On Thursday, 4 of December 2008, Linus Torvalds wrote:
>
> On Thu, 4 Dec 2008, Frans Pop wrote:
>
> > On Wednesday 03 December 2008, Linus Torvalds wrote:
> > > Well, I think that what _would_ be generally correct, and actually
> > > pretty simple, is a rather different approach: just not sizing things
> > > behind a transparent bridge AT ALL, since it really shouldn't matter.
> >
> > I've given your patch a try and the few resumes from STR I've done were
> > all successful. That's not 100% conclusive yet, but a nice start.
> > Some info from logs etc. below.
>
> Ok, but I thought you had a hard time reproducing this _anyway_, even with
> just plain -rc7. No?
>
> That said, of the various patches posted, the "don't bother allocating
> bridging windows for transparent bridges" one is not just the simplest,
> but the only one that actually makes sense so far.
>
> So I'm happy it's apparently working for you, I'm just wondering about
> whather your success means a lot. It seems that Rafael is the one who had
> more failures?

This most probably is correct and I got a resume failure with that patch
applied, so it evidently doesn't fix the problem. :-(

> > > > Also, I would be happy to actually understand _why_ this happens.
> > >
> > > 100% agreed. I do _not_ see why it should ever matter how we set up a
> > > PCI bridging window - whether prefetchable or not - on a bridge that
> > > should be transparent. It sounds really odd. I'm wondering if there is
> > > something we're missing here.
> >
> > The theory that it is really a resume issue and not a device layout issue
> > sounds logical. Especially as everything always works correctly after a
> > normal boot.
>
> Yes, that does sound like a convincing argument. Usually real PCI resource
> clashes result in some kind of run-time problems, and wouldn't necessarily
> be suspend-specific per se.
>
> That said, suspend/resume does a lot of unusual things, so it could still
> be some odd PCI resource clash that only triggers problems in the
> suspend/resume case. But since the exact layouts and the sizing of the
> resources doesn't really seem to matter, a simple PCI resource clash seems
> rather unlikely.

I agree.

That said the "don't bother allocating bridging windows for transparent
bridges" patch resulted in the following layout on my box (from /proc/iomem):

88000000-8807ffff : 0000:00:02.1
88080000-88083fff : 0000:00:1b.0
88080000-88083fff : ICH HD audio
88084000-88087fff : 0000:03:0b.1
88088000-88088fff : 0000:03:0b.0
88088000-88088fff : yenta_socket
88089000-880897ff : 0000:03:0b.1
88089000-880897ff : firewire_ohci
88089800-880898ff : 0000:03:0b.3
88089800-880898ff : mmc0
8808a000-8808afff : Intel Flush Page
8c000000-8fffffff : PCI CardBus 0000:04
90000000-93ffffff : PCI CardBus 0000:04

while my "don't allocate bridging windows for cardbus bridges behind
transparent bridges" patch I've just sent (appended for easier reference)
results in the layout:

88000000-880fffff : PCI Bus 0000:03
88000000-88003fff : 0000:03:0b.1
88004000-88004fff : 0000:03:0b.0
88004000-88004fff : yenta_socket
88005000-880057ff : 0000:03:0b.1
88005000-880057ff : firewire_ohci
88005800-880058ff : 0000:03:0b.3
88005800-880058ff : mmc0
88100000-8817ffff : 0000:00:02.1
88180000-88183fff : 0000:00:1b.0
88180000-88183fff : ICH HD audio
88184000-88184fff : Intel Flush Page
8c000000-8fffffff : PCI CardBus 0000:04
90000000-93ffffff : PCI CardBus 0000:04

where devices behind the transparent bridge (PCI Bus 0000:03) are located
_before_ ICH HD audio in the memory address space, and this one appears to
work. So there _may_ be an effect of the layout too.

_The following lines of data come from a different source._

lemma image_add_mod_eq_iff_shift_invariant:
  fixes E :: "nat set"
  assumes "0 < n" and closed: "\<And>y y'. y \<in> E \<Longrightarrow> [y = y'] (mod n) \<Longrightarrow> y' \<in> E"
  shows "(\<lambda>y. (x + y) mod n) ` E = (\<lambda>y. (x + k + y) mod n) ` E \<longleftrightarrow> (\<forall>y. y \<in> E \<longleftrightarrow> y + k \<in> E)"
proof
  assume eq: "(\<lambda>y. (x + y) mod n) ` E = (\<lambda>y. (x + k + y) mod n) ` E"
  have "y + k \<in> E" if "y \<in> E" for y
  proof -
    have "(x + k + y) mod n \<in> (\<lambda>y. (x + y) mod n) ` E"
      using eq that by blast
    then obtain y' where "y' \<in> E" "[x + y' = x + (y + k)] (mod n)"
      by (auto simp: cong_def ac_simps)
    then show ?thesis
      using closed by (simp add: cong_add_lcancel_nat)
  qed
  moreover have "y \<in> E" if "y + k \<in> E" for y
  proof -
    have "(x + (y + k)) mod n \<in> (\<lambda>y. (x + k + y) mod n) ` E"
      using eq that by blast
    then obtain y' where "y' \<in> E" "[x + k + y' = x + k + y] (mod n)"
      by (auto simp: cong_def ac_simps)
    then show ?thesis
      using closed by (simp add: cong_add_lcancel_nat)
  qed
  ultimately show "\<forall>y. y \<in> E \<longleftrightarrow> y + k \<in> E" by blast
next
  assume inv: "\<forall>y. y \<in> E \<longleftrightarrow> y + k \<in> E"
  show "(\<lambda>y. (x + y) mod n) ` E = (\<lambda>y. (x + k + y) mod n) ` E"
  proof (intro equalityI subsetI)
    fix w assume "w \<in> (\<lambda>y. (x + y) mod n) ` E"
    then obtain y where y: "y \<in> E" "w = (x + y) mod n" by blast
    \<comment> \<open>the representative of y - k that stays in the natural numbers\<close>
    let ?y' = "y + (n - 1) * k"
    have y'_add_k: "?y' + k = y + k * n"
      using \<open>0 < n\<close> by (cases n) (simp_all add: algebra_simps)
    then have "[y = ?y' + k] (mod n)"
      by (simp only: cong_def mod_mult_self1)
    then have "?y' \<in> E"
      using closed[OF y(1)] inv by blast
    moreover have "x + k + ?y' = (x + y) + k * n"
      using y'_add_k by simp
    then have "w = (x + k + ?y') mod n"
      using y(2) by (simp only: mod_mult_self1)
    ultimately show "w \<in> (\<lambda>y. (x + k + y) mod n) ` E" by blast
  next
    fix w assume "w \<in> (\<lambda>y. (x + k + y) mod n) ` E"
    then obtain y where "y \<in> E" "w = (x + (y + k)) mod n" by (auto simp: ac_simps)
    then show "w \<in> (\<lambda>y. (x + y) mod n) ` E" using inv by blast
  qed
qed

(* The upper bound on r is redundant given j \<le> n. *)
lemma bounded_multiple_step_iff_dvd:
  fixes d i j n :: nat
  assumes "0 < d" "i \<le> j" "j \<le> n"
  shows "(\<exists>r::int. 0 \<le> r \<and> (of_int r :: 'a::linordered_field) \<le> of_nat (n - i) / of_nat d \<and>
      (of_nat j :: 'a) = of_nat i + of_int r * of_nat d) \<longleftrightarrow> d dvd j - i"
proof
  assume "\<exists>r::int. 0 \<le> r \<and> (of_int r :: 'a) \<le> of_nat (n - i) / of_nat d \<and>
      (of_nat j :: 'a) = of_nat i + of_int r * of_nat d"
  then obtain r :: int where r: "0 \<le> r" "(of_nat j :: 'a) = of_nat i + of_int r * of_nat d"
    by blast
  obtain c where "r = int c" using r(1) nonneg_int_cases by blast
  then have "(of_nat j :: 'a) = of_nat (i + c * d)"
    using r(2) by simp
  then have "j = i + c * d"
    by (simp only: of_nat_eq_iff)
  then show "d dvd j - i" by simp
next
  assume "d dvd j - i"
  then obtain c where c: "j - i = c * d" by (metis dvdE mult.commute)
  have "c * d \<le> n - i" using c assms by simp
  then have "(of_nat c :: 'a) \<le> of_nat (n - i) / of_nat d"
    using assms(1) by (simp add: pos_le_divide_eq flip: of_nat_mult)
  moreover have "j = i + c * d"
    using c assms(2) by simp
  ultimately show "\<exists>r::int. 0 \<le> r \<and> (of_int r :: 'a) \<le> of_nat (n - i) / of_nat d \<and>
      (of_nat j :: 'a) = of_nat i + of_int r * of_nat d"
    by (intro exI[of _ "int c"]) simp
qed

definition cyclic_incr :: "nat list \<Rightarrow> nat \<Rightarrow> nat" where
  "cyclic_incr t l = t ! (l mod length t)"

definition cyclic_phi :: "nat list \<Rightarrow> nat \<Rightarrow> nat" where
  "cyclic_phi t l = (\<Sum>k<l. cyclic_incr t k + 1)"

definition shift_period :: "nat list \<Rightarrow> nat \<Rightarrow> bool" where
  "shift_period t a \<longleftrightarrow> (\<forall>l. cyclic_incr t (l + a) = cyclic_incr t l)"

lemma cyclic_phi_0 [simp]: "cyclic_phi t 0 = 0"
  by (simp add: cyclic_phi_def)

lemma cyclic_phi_Suc: "cyclic_phi t (Suc l) = cyclic_phi t l + cyclic_incr t l + 1"
  by (simp add: cyclic_phi_def)

lemma strict_mono_cyclic_phi: "strict_mono (cyclic_phi t)"
  by (simp add: strict_mono_Suc_iff cyclic_phi_Suc)

lemma phi_eq_cyclic_phi: "i \<le> length t \<Longrightarrow> phi t i = cyclic_phi t (i - 1)"
  unfolding phi_def cyclic_phi_def cyclic_incr_def atLeast0LessThan by (rule sum.cong) auto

> So some kind of resume-time ordering or timing issue does seem like the
> most likely thing. But that still leaves us not knowing what the real
> _root_ cause of this all is - very irritating. Even if not allocating the
> unnecessary bridging windows "fixes" things, it would be really really
> good to know exactly what it is that causes problems.

Well, given that both affected boxes have the same chipset (945GM), I seriously
suspect a nastiness in that chipset we're not aware of. Especially that
the problem is not reproducible without snd_hda_intel (at least on my box).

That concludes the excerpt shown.